> [What the exercise asks] Restate the listing exactly.

---------- Exercise material

lemma in_blowup_family_imp_twins:
  assumes G: "simple_graph V E" and "in_blowup_family V E" and "x \<in> V"
  obtains y where "y \<in> V" "y \<noteq> x" "twins V E x y"
proof -
  obtain VH EH and \<phi> :: "'a \<Rightarrow> 'a" where "\<phi> ` V = VH"
    and fibre: "\<forall>u\<in>VH. card {x\<in>V. \<phi> x = u} \<ge> 2
        \<and> ((\<forall>x\<in>V. \<forall>y\<in>V. \<phi> x = u \<and> \<phi> y = u \<and> x \<noteq> y \<longrightarrow> E x y)
           \<or> (\<forall>x\<in>V. \<forall>y\<in>V. \<phi> x = u \<and> \<phi> y = u \<longrightarrow> \<not> E x y))"
    and cross: "\<forall>x\<in>V. \<forall>y\<in>V. \<phi> x \<noteq> \<phi> y \<longrightarrow> (E x y \<longleftrightarrow> EH (\<phi> x) (\<phi> y))"
    using assms(2) unfolding in_blowup_family_def by blast
  then have "\<phi> x \<in> VH" using \<open>x \<in> V\<close> by blast
  let ?F = "{z\<in>V. \<phi> z = \<phi> x}"
  have "\<not> card ?F \<le> Suc 0" using fibre \<open>\<phi> x \<in> VH\<close> by fastforce
  then obtain y where "y \<in> ?F" "y \<noteq> x"
    using card_le_Suc0_iff_eq[of ?F] simple_graphD(1)[OF G] \<open>x \<in> V\<close> by auto
  moreover have "E x z \<longleftrightarrow> E y z" if "z \<in> V" "z \<noteq> x" "z \<noteq> y" for z
  proof (cases "\<phi> z = \<phi> x")
    case True
    then show ?thesis using fibre \<open>\<phi> x \<in> VH\<close> \<open>x \<in> V\<close> \<open>y \<in> ?F\<close> that by blast
  next
    case False
    then show ?thesis using cross \<open>x \<in> V\<close> \<open>y \<in> ?F\<close> that by auto
  qed
  ultimately show ?thesis using that \<open>x \<in> V\<close> unfolding twins_def by blast
qed

lemma in_blowup_family_iff_twins:
  assumes "simple_graph V E" and "graph_connected V E"
  shows "in_blowup_family V E \<longleftrightarrow> (\<forall>x\<in>V. \<exists>y\<in>V. y \<noteq> x \<and> twins V E x y)"
  using twins_imp_in_blowup_family[OF assms] in_blowup_family_imp_twins[OF assms(1)] by metis

lemma frac_trunc_dim_eq_half_card_iff_twins:
  assumes G: "simple_graph V E" and C: "graph_connected V E" and "k \<ge> 1"
  shows "frac_trunc_dim k V E = real (card V) / 2 \<longleftrightarrow> (\<forall>x\<in>V. \<exists>y\<in>V. y \<noteq> x \<and> twins V E x y)"
proof
  assume dim: "frac_trunc_dim k V E = real (card V) / 2"
  show "\<forall>x\<in>V. \<exists>y\<in>V. y \<noteq> x \<and> twins V E x y"
  proof (rule ccontr)
    let ?h = "\<lambda>x. if \<exists>y\<in>V. y \<noteq> x \<and> twins V E x y then 1/2 else 1/3 :: real"
    assume "\<not> (\<forall>x\<in>V. \<exists>y\<in>V. y \<noteq> x \<and> twins V E x y)"
    then obtain v where "v \<in> V" "\<not> (\<exists>y\<in>V. y \<noteq> v \<and> twins V E v y)" by blast
    then have "sum ?h V < (\<Sum>_\<in>V. 1/2)"
      by (intro sum_strict_mono_ex1[OF simple_graphD(1)[OF G]]) (auto intro!: bexI[of _ v])
    then have "frac_trunc_dim k V E < real (card V) / 2"
      using frac_trunc_dim_le[OF k_trunc_resolving_function_third_on_twin_free[OF G C \<open>k \<ge> 1\<close>]]
      by simp
    then show False using dim by simp
  qed
next
  assume "\<forall>x\<in>V. \<exists>y\<in>V. y \<noteq> x \<and> twins V E x y"
  then have "real (card V) / 2 \<le> frac_trunc_dim k V E"
    using frac_trunc_dim_ge[OF k_trunc_resolving_function_half[OF G C]]
      sum_k_trunc_resolving_function_ge_half_card[OF G C] by blast
  moreover have "frac_trunc_dim k V E \<le> real (card V) / 2"
    using frac_trunc_dim_le[OF k_trunc_resolving_function_half[OF G C]] by simp
  ultimately show "frac_trunc_dim k V E = real (card V) / 2" by simp
qed

theorem corollary2p9:
  fixes V :: "'a set" and E :: "'a \<Rightarrow> 'a \<Rightarrow> bool" and k :: nat
  assumes "simple_graph V E" and "graph_connected V E" and "card V \<ge> 2" and "k \<ge> 1"
  shows "frac_trunc_dim k V E = real (card V) / 2 \<longleftrightarrow> in_blowup_family V E"
  using frac_trunc_dim_eq_half_card_iff_twins[OF assms(1,2,4)]
    in_blowup_family_iff_twins[OF assms(1,2)] by simp

end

--------------------

> [Written response]
lemma in_blowup_family_imp_twins:
  assumes G: "simple_graph V E" and "in_blowup_family V E" and "x \<in> V"
  obtains y where "y \<in> V" "y \<noteq> x" "twins V E x y"
proof -
  obtain VH EH and \<phi> :: "'a \<Rightarrow> 'a" where "\<phi> ` V = VH"
    and fibre: "\<forall>u\<in>VH. card {x\<in>V. \<phi> x = u} \<ge> 2
        \<and> ((\<forall>x\<in>V. \<forall>y\<in>V. \<phi> x = u \<and> \<phi> y = u \<and> x \<noteq> y \<longrightarrow> E x y)
           \<or> (\<forall>x\<in>V. \<forall>y\<in>V. \<phi> x = u \<and> \<phi> y = u \<longrightarrow> \<not> E x y))"
    and cross: "\<forall>x\<in>V. \<forall>y\<in>V. \<phi> x \<noteq> \<phi> y \<longrightarrow> (E x y \<longleftrightarrow> EH (\<phi> x) (\<phi> y))"
    using assms(2) unfolding in_blowup_family_def by blast
  then have "\<phi> x \<in> VH" using \<open>x \<in> V\<close> by blast
  let ?F = "{z\<in>V. \<phi> z = \<phi> x}"
  have "\<not> card ?F \<le> Suc 0" using fibre \<open>\<phi> x \<in> VH\<close> by fastforce
  then obtain y where "y \<in> ?F" "y \<noteq> x"
    using card_le_Suc0_iff_eq[of ?F] simple_graphD(1)[OF G] \<open>x \<in> V\<close> by auto
  moreover have "E x z \<longleftrightarrow> E y z" if "z \<in> V" "z \<noteq> x" "z \<noteq> y" for z
  proof (cases "\<phi> z = \<phi> x")
    case True
    then show ?thesis using fibre \<open>\<phi> x \<in> VH\<close> \<open>x \<in> V\<close> \<open>y \<in> ?F\<close> that by blast
  next
    case False
    then show ?thesis using cross \<open>x \<in> V\<close> \<open>y \<in> ?F\<close> that by auto
  qed
  ultimately show ?thesis using that \<open>x \<in> V\<close> unfolding twins_def by blast
qed

lemma in_blowup_family_iff_twins:
  assumes "simple_graph V E" and "graph_connected V E"
  shows "in_blowup_family V E \<longleftrightarrow> (\<forall>x\<in>V. \<exists>y\<in>V. y \<noteq> x \<and> twins V E x y)"
  using twins_imp_in_blowup_family[OF assms] in_blowup_family_imp_twins[OF assms(1)] by metis

lemma frac_trunc_dim_eq_half_card_iff_twins:
  assumes G: "simple_graph V E" and C: "graph_connected V E" and "k \<ge> 1"
  shows "frac_trunc_dim k V E = real (card V) / 2 \<longleftrightarrow> (\<forall>x\<in>V. \<exists>y\<in>V. y \<noteq> x \<and> twins V E x y)"
proof
  assume dim: "frac_trunc_dim k V E = real (card V) / 2"
  show "\<forall>x\<in>V. \<exists>y\<in>V. y \<noteq> x \<and> twins V E x y"
  proof (rule ccontr)
    let ?h = "\<lambda>x. if \<exists>y\<in>V. y \<noteq> x \<and> twins V E x y then 1/2 else 1/3 :: real"
    assume "\<not> (\<forall>x\<in>V. \<exists>y\<in>V. y \<noteq> x \<and> twins V E x y)"
    then obtain v where "v \<in> V" "\<not> (\<exists>y\<in>V. y \<noteq> v \<and> twins V E v y)" by blast
    then have "sum ?h V < (\<Sum>_\<in>V. 1/2)"
      by (intro sum_strict_mono_ex1[OF simple_graphD(1)[OF G]]) (auto intro!: bexI[of _ v])
    then have "frac_trunc_dim k V E < real (card V) / 2"
      using frac_trunc_dim_le[OF k_trunc_resolving_function_third_on_twin_free[OF G C \<open>k \<ge> 1\<close>]]
      by simp
    then show False using dim by simp
  qed
next
  assume "\<forall>x\<in>V. \<exists>y\<in>V. y \<noteq> x \<and> twins V E x y"
  then have "real (card V) / 2 \<le> frac_trunc_dim k V E"
    using frac_trunc_dim_ge[OF k_trunc_resolving_function_half[OF G C]]
      sum_k_trunc_resolving_function_ge_half_card[OF G C] by blast
  moreover have "frac_trunc_dim k V E \<le> real (card V) / 2"
    using frac_trunc_dim_le[OF k_trunc_resolving_function_half[OF G C]] by simp
  ultimately show "frac_trunc_dim k V E = real (card V) / 2" by simp
qed

theorem corollary2p9:
  fixes V :: "'a set" and E :: "'a \<Rightarrow> 'a \<Rightarrow> bool" and k :: nat
  assumes "simple_graph V E" and "graph_connected V E" and "card V \<ge> 2" and "k \<ge> 1"
  shows "frac_trunc_dim k V E = real (card V) / 2 \<longleftrightarrow> in_blowup_family V E"
  using frac_trunc_dim_eq_half_card_iff_twins[OF assms(1,2,4)]
    in_blowup_family_iff_twins[OF assms(1,2)] by simp

end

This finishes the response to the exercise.